lemma realize_map_in_realization:
  assumes W: "finite W" "supp z \<subseteq> W" and z: "z \<in> realization K"
    and simplex: "\<phi> ` supp z \<in> L"
  shows "realize_map \<phi> W z \<in> realization L"
proof -
  have fin: "finite (supp z)" and "sum z (supp z) = 1" and "\<And>v. 0 \<le> z v"
    using z by (auto simp: mem_realization_iff)
  have "sum (realize_map \<phi> W z) (supp (realize_map \<phi> W z))
      = (\<Sum>u\<in>\<phi> ` supp z. \<Sum>w | w \<in> supp z \<and> \<phi> w = u. z w)"
    using supp_realize_map[OF W z] realize_map_eq_sum_supp[OF W] by simp
  also have "\<dots> = sum z (supp z)"
    using sum.image_gen[OF fin, of z \<phi>] by simp
  finally have "sum (realize_map \<phi> W z) (supp (realize_map \<phi> W z)) = 1"
    using \<open>sum z (supp z) = 1\<close> by simp
  moreover have "0 \<le> realize_map \<phi> W z u" for u
    unfolding realize_map_def by (rule sum_nonneg) (use \<open>\<And>v. 0 \<le> z v\<close> in blast)
  ultimately show ?thesis
    using supp_realize_map[OF W z] fin simplex by (simp add: mem_realization_iff)
qed

text \<open>On a simplex with a vertex \<open>a \<in> P\<close>, the points with \<open>x a \<le> 1/2\<close> are projected radially from
  \<open>a\<close> onto the opposite face and the remaining ones are stretched over the whole simplex.\<close>

definition radial_stretch :: "nat set \<Rightarrow> (nat \<Rightarrow> real) \<Rightarrow> nat \<Rightarrow> real" where
  "radial_stretch P x u =
     (if u \<in> P then max 0 (2 * x u - 1) else x u / (1 - min (\<Sum>a\<in>P. x a) (1/2)))"

lemma continuous_on_radial_stretch: "finite P \<Longrightarrow> continuous_on S (radial_stretch P)"
proof (intro continuous_on_coordinatewise_then_product)
  fix u assume "finite P"
  have coord: "continuous_on S (\<lambda>x. x v)" for v :: nat
    by (rule continuous_on_coordinate)
  have "continuous_on S (\<lambda>x. x u / (1 - min (\<Sum>a\<in>P. x a) (1/2)))"
    by (intro continuous_intros coord) (auto simp: min_def)
  then show "continuous_on S (\<lambda>x. radial_stretch P x u)"
    unfolding radial_stretch_def by (cases "u \<in> P") (auto intro!: continuous_intros coord)
qed

lemma radial_stretch_eq_self: "(\<And>a. a \<in> P \<Longrightarrow> x a = 0) \<Longrightarrow> radial_stretch P x = x"
  by (auto simp: radial_stretch_def fun_eq_iff)

lemma supp_radial_stretch_subset: "(\<And>v. 0 \<le> x v) \<Longrightarrow> supp (radial_stretch P x) \<subseteq> supp x"
  by (auto simp: radial_stretch_def supp_def max_def)

lemma radial_stretch_eq_0: "a \<in> P \<Longrightarrow> x a \<le> 1/2 \<Longrightarrow> radial_stretch P x a = 0"
  by (simp add: radial_stretch_def)

lemma sum_radial_stretch:
  assumes P: "finite P" and nonneg: "\<And>v. 0 \<le> x v"
    and fin: "finite (supp x)" and sum1: "sum x (supp x) = 1"
    and single: "\<And>a b. a \<in> supp x \<inter> P \<Longrightarrow> b \<in> supp x \<inter> P \<Longrightarrow> a = b"
  shows "sum (radial_stretch P x) (supp x) = 1"
proof (cases "\<forall>a\<in>P. x a = 0")
  case True
  then show ?thesis using sum1 radial_stretch_eq_self by simp
next
  case False
  then obtain a where a: "a \<in> P" "x a \<noteq> 0" by blast
  define s where "s = x a"
  have a_supp: "a \<in> supp x" using a by (simp add: supp_def)
  have others: "x b = 0" if "b \<in> P" "b \<noteq> a" for b
    using single[of a b] a_supp a(1) that by (auto simp: supp_def)
  have mass_P: "(\<Sum>b\<in>P. x b) = s"
    unfolding s_def by (subst sum.remove[OF P a(1)]) (auto intro!: sum.neutral others)
  have "0 < s" using a nonneg by (simp add: s_def less_le)
  have rest: "sum x (supp x - {a}) = 1 - s"
    using sum1 sum.remove[OF fin a_supp, of x] by (simp add: s_def)
  then have "s \<le> 1" using sum_nonneg[of "supp x - {a}" x] nonneg by force
  have "sum (radial_stretch P x) (supp x)
      = radial_stretch P x a + sum (radial_stretch P x) (supp x - {a})"
    by (rule sum.remove[OF fin a_supp])
  also have "sum (radial_stretch P x) (supp x - {a})
      = (\<Sum>u\<in>supp x - {a}. x u / (1 - min s (1/2)))"
  proof (rule sum.cong[OF refl])
    fix u assume "u \<in> supp x - {a}"
    then have "u \<notin> P" using others by (auto simp: supp_def)
    then show "radial_stretch P x u = x u / (1 - min s (1/2))"
      by (simp add: radial_stretch_def mass_P)
  qed
  also have "\<dots> = (1 - s) / (1 - min s (1/2))"
    by (simp add: sum_divide_distrib[symmetric] rest)
  also have "radial_stretch P x a = max 0 (2 * s - 1)"
    by (simp add: radial_stretch_def a s_def)
  finally show ?thesis
    using \<open>0 < s\<close> \<open>s \<le> 1\<close> by (cases "s \<le> 1/2") (auto simp: min_def max_def field_simps)
qed
(* Let $q$ be a power of an odd prime, write $q-1=2^s r$ with $r$ odd, and let $c\in\mathbb{F}_q^*$. The functional graph of $f(X)=c(X^{q+1}+X^2)$ over $\mathbb{F}_{q^2}$ is isomorphic to $$\mathscr{Z}^*(q)\ \oplus\ \bigoplus_{d\mid r}\frac{q\,\varphi(d)}{\mathrm{ord}_{d}(2)}\times\big(Cyc(\mathrm{ord}_{d}(2)),\mathscr{T}(s)\big).$$
   Context: The functional graph of a map $f:\mathbb{F}_{q^2}\to\mathbb{F}_{q^2}$ is the directed graph with vertex set $\mathbb{F}_{q^2}$ and an edge $x\to f(x)$ for every $x$. $Cyc(n)$ is the directed cycle of length $n$. $\mathscr{T}(1)$ is the tree with two vertices $P_1,P$ and the edge $P_1\to P$ (root $P$); for $m\ge1$, $\mathscr{T}(m+1)$ is obtained from $\mathscr{T}(m)$ by attaching two new vertices, each with an edge directed to it, to every vertex of the last (top) level of $\mathscr{T}(m)$. $(Cyc(n),\mathscr{T}(m))$ is the graph obtained from $Cyc(n)$ by replacing each vertex of the cycle by a copy of $\mathscr{T}(m)$ whose root is that cycle vertex. $\mathscr{Z}^*(q)$ is the graph consisting of a vertex with a loop ($Cyc(1)$) to which $q-1$ copies of $\mathscr{T}(1)$ are attached, the root of each copy being identified with the fixed vertex (i.e. a fixed vertex with $q-1$ further vertices pointing to it, which have no preimages). $\oplus$ denotes disjoint union and $k\times G$ denotes $k$ disjoint copies of $G$. $\varphi$ is Euler's totient function and $\mathrm{ord}_m(n)$ is the multiplicative order of $n$ modulo $m$ (with $\mathrm{ord}_1(2)=1$). *)

theory Defs
  imports "HOL-Number_Theory.Number_Theory"
begin

definition fg_iso :: "'a set \<Rightarrow> ('a \<Rightarrow> 'a) \<Rightarrow> 'b set \<Rightarrow> ('b \<Rightarrow> 'b) \<Rightarrow> bool" where
  "fg_iso V f W g \<longleftrightarrow> (\<exists>h. bij_betw h V W \<and> (\<forall>x\<in>V. h (f x) = g (h x)))"

text \<open>The tree T(m): root None (=P), Some [] (=P1) points to the root, and a vertex
  Some (b # xs) points to Some xs; vertices Some xs with length xs < m.
  Level i (i>=1) consists of the Some xs with length xs = i - 1.\<close>
definition tree_verts :: "nat \<Rightarrow> bool list option set" where
  "tree_verts m = insert None (Some ` {xs. length xs < m})"

fun tree_map :: "bool list option \<Rightarrow> bool list option" where
  "tree_map None = None"
| "tree_map (Some []) = None"
| "tree_map (Some (b # xs)) = Some xs"

text \<open>(Cyc(n), T(m)): cycle vertices (j, None), j < n, with j -> j+1 mod n; a copy of T(m)
  rooted at each cycle vertex.\<close>
definition cyctree_verts :: "nat \<Rightarrow> nat \<Rightarrow> (nat \<times> bool list option) set" where
  "cyctree_verts n m = {0..<n} \<times> tree_verts m"

definition cyctree_map :: "nat \<Rightarrow> nat \<times> bool list option \<Rightarrow> nat \<times> bool list option" where
  "cyctree_map n x = (case x of (j, None) \<Rightarrow> (Suc j mod n, None) | (j, v) \<Rightarrow> (j, tree_map v))"

definition zstar_verts :: "nat \<Rightarrow> nat set" where
  "zstar_verts q = {0..<q}"

definition zstar_map :: "nat \<Rightarrow> nat" where
  "zstar_map i = 0"

text \<open>The graph Z*(q) (+) disjoint union over d | r of (q phi(d) / ord_d 2) copies of
  (Cyc(ord_d 2), T(s)). A copy is indexed by (d, k) with k < q phi(d) / ord_d 2.\<close>
definition target_verts :: "nat \<Rightarrow> nat \<Rightarrow> nat \<Rightarrow> (nat + nat \<times> nat \<times> nat \<times> bool list option) set" where
  "target_verts q s r = Inl ` zstar_verts q \<union>
     Inr ` {(d, k, x). d dvd r \<and> k < q * totient d div ord d 2 \<and> x \<in> cyctree_verts (ord d 2) s}"

fun target_map :: "nat \<Rightarrow> nat \<Rightarrow> nat + nat \<times> nat \<times> nat \<times> bool list option \<Rightarrow> nat + nat \<times> nat \<times> nat \<times> bool list option" where
  "target_map q s (Inl i) = Inl (zstar_map i)"
| "target_map q s (Inr (d, k, x)) = Inr (d, k, cyctree_map (ord d 2) x)"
★ ★ ★ ★ ★
Restate word for word each line of the data from the one with "(nat \<times> bool" to the last, keeping both ends.

definition cyctree_verts :: "nat \<Rightarrow> nat \<Rightarrow> (nat \<times> bool list option) set" where
  "cyctree_verts n m = {0..<n} \<times> tree_verts m"

definition cyctree_map :: "nat \<Rightarrow> nat \<times> bool list option \<Rightarrow> nat \<times> bool list option" where
  "cyctree_map n x = (case x of (j, None) \<Rightarrow> (Suc j mod n, None) | (j, v) \<Rightarrow> (j, tree_map v))"

definition zstar_verts :: "nat \<Rightarrow> nat set" where
  "zstar_verts q = {0..<q}"

definition zstar_map :: "nat \<Rightarrow> nat" where
  "zstar_map i = 0"

text \<open>The graph Z*(q) (+) disjoint union over d | r of (q phi(d) / ord_d 2) copies of
  (Cyc(ord_d 2), T(s)). A copy is indexed by (d, k) with k < q phi(d) / ord_d 2.\<close>
definition target_verts :: "nat \<Rightarrow> nat \<Rightarrow> nat \<Rightarrow> (nat + nat \<times> nat \<times> nat \<times> bool list option) set" where
  "target_verts q s r = Inl ` zstar_verts q \<union>
     Inr ` {(d, k, x). d dvd r \<and> k < q * totient d div ord d 2 \<and> x \<in> cyctree_verts (ord d 2) s}"

fun target_map :: "nat \<Rightarrow> nat \<Rightarrow> nat + nat \<times> nat \<times> nat \<times> bool list option \<Rightarrow> nat + nat \<times> nat \<times> nat \<times> bool list option" where
  "target_map q s (Inl i) = Inl (zstar_map i)"
| "target_map q s (Inr (d, k, x)) = Inr (d, k, cyctree_map (ord d 2) x)"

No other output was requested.